# Exercise aim:
Only the lines below from the one containing "(\<Prod>i=1..n. s i ^ (2" to the one containing "(s (i+1))) \<and>" should be repeated, both included and unchanged.

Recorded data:
******

(* Let $R$ be a commutative ring with identity and let $a\in R$ be a non-zero element with $a\notin R^{\ast}$. Consider the following conditions on $a$: (i) there exist $b\in R$ and $c\in\operatorname{Sqf} R$ such that $a=b^2c$; (ii) there exist $n\geqslant 0$ and $s_0,s_1,\dots,s_n\in\operatorname{Sqf} R$ such that $a=s_n^{2^n}s_{n-1}^{2^{n-1}}\cdots s_1^2s_0$; (iii) there exist $n\geqslant 1$, $s_1,\dots,s_n\in(\operatorname{Sqf} R)\setminus R^{\ast}$, integers $0\leqslant k_1<k_2<\dots<k_n$, and $c\in R^{\ast}$ such that $a=c\,s_n^{2^{k_n}}s_{n-1}^{2^{k_{n-1}}}\cdots s_1^{2^{k_1}}$; (iv) there exist $n\geqslant 1$ and $s_1,\dots,s_n\in\operatorname{Sqf} R$ such that $s_i\mid s_{i+1}$ for $i=1,\dots,n-1$ and $a=s_1s_2\cdots s_n$; (v) there exist $n\geqslant 1$, $s_1,\dots,s_n\in(\operatorname{Sqf} R)\setminus R^{\ast}$, integers $k_1,\dots,k_n\geqslant 1$, and $c\in R^{\ast}$ such that $s_i\mid s_{i+1}$ and $s_i\not\sim s_{i+1}$ for $i=1,\dots,n-1$, and $a=c\,s_1^{k_1}s_2^{k_2}\cdots s_n^{k_n}$; (vi) there exist $n\geqslant 1$ and $s_1,\dots,s_n\in\operatorname{Sqf} R$ such that $s_i$ and $s_j$ are relatively prime for $i\neq j$, and $a=s_1s_2^2s_3^3\cdots s_n^n$; (vii) there exist $n\geqslant 1$, $s_1,\dots,s_n\in(\operatorname{Sqf} R)\setminus R^{\ast}$, integers $1\leqslant k_1<k_2<\dots<k_n$, and $c\in R^{\ast}$ such that $s_i$ and $s_j$ are relatively prime for $i\neq j$, and $a=c\,s_1^{k_1}s_2^{k_2}\cdots s_n^{k_n}$. Then: (ii) implies (i); (ii) and (iii) are equivalent; (iv) and (v) are equivalent; (v) implies (vi); and (vi) and (vii) are equivalent.
   Context: All rings are commutative with identity. $R^{\ast}$ denotes the set of invertible elements of $R$. For $a,b\in R$, $a\sim b$ means $a$ and $b$ are associated, and $a\mid b$ means $a$ divides $b$. Elements $a,b$ are relatively prime if they have no common non-invertible divisor. An element $a\in R$ is square-free if it cannot be written as $a=b^2c$ with $b\in R\setminus R^{\ast}$ and $c\in R$; $\operatorname{Sqf} R$ denotes the set of square-free elements of $R$. *)

theory Defs
  imports "HOL-Computational_Algebra.Squarefree"
begin

definition assoc :: "'a::comm_ring_1 \<Rightarrow> 'a \<Rightarrow> bool" where
  "assoc a b \<longleftrightarrow> (\<exists>u. u dvd 1 \<and> a = u * b)"

definition relprime :: "'a::comm_ring_1 \<Rightarrow> 'a \<Rightarrow> bool" where
  "relprime a b \<longleftrightarrow> (\<forall>d. d dvd a \<and> d dvd b \<longrightarrow> d dvd 1)"

definition cond_i :: "'a::comm_ring_1 \<Rightarrow> bool" where
  "cond_i a \<longleftrightarrow> (\<exists>b c. squarefree c \<and> a = b^2 * c)"

definition cond_ii :: "'a::comm_ring_1 \<Rightarrow> bool" where
  "cond_ii a \<longleftrightarrow> (\<exists>(n::nat) (s::nat \<Rightarrow> 'a).
     (\<forall>i\<in>{0..n}. squarefree (s i)) \<and> a = (\<Prod>i=0..n. s i ^ (2^i)))"

definition cond_iii :: "'a::comm_ring_1 \<Rightarrow> bool" where
  "cond_iii a \<longleftrightarrow> (\<exists>(n::nat) (s::nat \<Rightarrow> 'a) (k::nat \<Rightarrow> nat) c. n \<ge> 1 \<and>
     (\<forall>i\<in>{1..n}. squarefree (s i) \<and> \<not> s i dvd 1) \<and>
     (\<forall>i\<in>{1..n}. \<forall>j\<in>{1..n}. i < j \<longrightarrow> k i < k j) \<and>
     c dvd 1 \<and> a = c * (\<Prod>i=1..n. s i ^ (2 ^ k i)))"

definition cond_iv :: "'a::comm_ring_1 \<Rightarrow> bool" where
  "cond_iv a \<longleftrightarrow> (\<exists>(n::nat) (s::nat \<Rightarrow> 'a). n \<ge> 1 \<and>
     (\<forall>i\<in>{1..n}. squarefree (s i)) \<and>
     (\<forall>i. 1 \<le> i \<and> i < n \<longrightarrow> s i dvd s (i+1)) \<and>
     a = (\<Prod>i=1..n. s i))"

definition cond_v :: "'a::comm_ring_1 \<Rightarrow> bool" where
  "cond_v a \<longleftrightarrow> (\<exists>(n::nat) (s::nat \<Rightarrow> 'a) (k::nat \<Rightarrow> nat) c. n \<ge> 1 \<and>
     (\<forall>i\<in>{1..n}. squarefree (s i) \<and> \<not> s i dvd 1) \<and>
     (\<forall>i\<in>{1..n}. k i \<ge> 1) \<and>
     (\<forall>i. 1 \<le> i \<and> i < n \<longrightarrow> s i dvd s (i+1) \<and> \<not> assoc (s i) (s (i+1))) \<and>
     c dvd 1 \<and> a = c * (\<Prod>i=1..n. s i ^ k i))"

definition cond_vi :: "'a::comm_ring_1 \<Rightarrow> bool" where
  "cond_vi a \<longleftrightarrow> (\<exists>(n::nat) (s::nat \<Rightarrow> 'a). n \<ge> 1 \<and>
     (\<forall>i\<in>{1..n}. squarefree (s i)) \<and>
     (\<forall>i\<in>{1..n}. \<forall>j\<in>{1..n}. i \<noteq> j \<longrightarrow> relprime (s i) (s j)) \<and>
     a = (\<Prod>i=1..n. s i ^ i))"

definition cond_vii :: "'a::comm_ring_1 \<Rightarrow> bool" where
  "cond_vii a \<longleftrightarrow> (\<exists>(n::nat) (s::nat \<Rightarrow> 'a) (k::nat \<Rightarrow> nat) c. n \<ge> 1 \<and>
     (\<forall>i\<in>{1..n}. squarefree (s i) \<and> \<not> s i dvd 1) \<and>
     1 \<le> k 1 \<and>
     (\<forall>i\<in>{1..n}. \<forall>j\<in>{1..n}. i < j \<longrightarrow> k i < k j) \<and>
     (\<forall>i\<in>{1..n}. \<forall>j\<in>{1..n}. i \<noteq> j \<longrightarrow> relprime (s i) (s j)) \<and>
     c dvd 1 \<and> a = c * (\<Prod>i=1..n. s i ^ k i))"

end

theory Submission
  imports Defs "HOL-Library.Infinite_Set"
begin

text \<open>Units are harmless throughout: a unit multiple of a squarefree element is squarefree, and
  relative primality is insensitive to unit factors. So the unit factors in (ii) and (vi) can be
  collected into a constant, and conversely the constant of (iii) and (vii) can be absorbed into
  the factor of exponent 1, missing exponents being filled by factors 1. In a divisibility chain
  as in (iv), merging consecutive associated terms gives (v), and writing each power in (v) as
  repeated terms reverses this. Finally, if \<open>s (n + 1) = s n * u\<close> then \<open>u\<close> is coprime to
  \<open>s n\<close> because \<open>s (n + 1)\<close> is squarefree, so the successive quotients of the chain are the
  pairwise coprime layers of (vi).\<close>

lemma is_unit_mult: "(a::'a::comm_monoid_mult) dvd 1 \<Longrightarrow> b dvd 1 \<Longrightarrow> a * b dvd 1"
  using mult_dvd_mono[of a 1 b 1] by simp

******

# Result below:
     c dvd 1 \<and> a = c * (\<Prod>i=1..n. s i ^ (2 ^ k i)))"

definition cond_iv :: "'a::comm_ring_1 \<Rightarrow> bool" where
  "cond_iv a \<longleftrightarrow> (\<exists>(n::nat) (s::nat \<Rightarrow> 'a). n \<ge> 1 \<and>
     (\<forall>i\<in>{1..n}. squarefree (s i)) \<and>
     (\<forall>i. 1 \<le> i \<and> i < n \<longrightarrow> s i dvd s (i+1)) \<and>
     a = (\<Prod>i=1..n. s i))"

definition cond_v :: "'a::comm_ring_1 \<Rightarrow> bool" where
  "cond_v a \<longleftrightarrow> (\<exists>(n::nat) (s::nat \<Rightarrow> 'a) (k::nat \<Rightarrow> nat) c. n \<ge> 1 \<and>
     (\<forall>i\<in>{1..n}. squarefree (s i) \<and> \<not> s i dvd 1) \<and>
     (\<forall>i\<in>{1..n}. k i \<ge> 1) \<and>
     (\<forall>i. 1 \<le> i \<and> i < n \<longrightarrow> s i dvd s (i+1) \<and> \<not> assoc (s i) (s (i+1))) \<and>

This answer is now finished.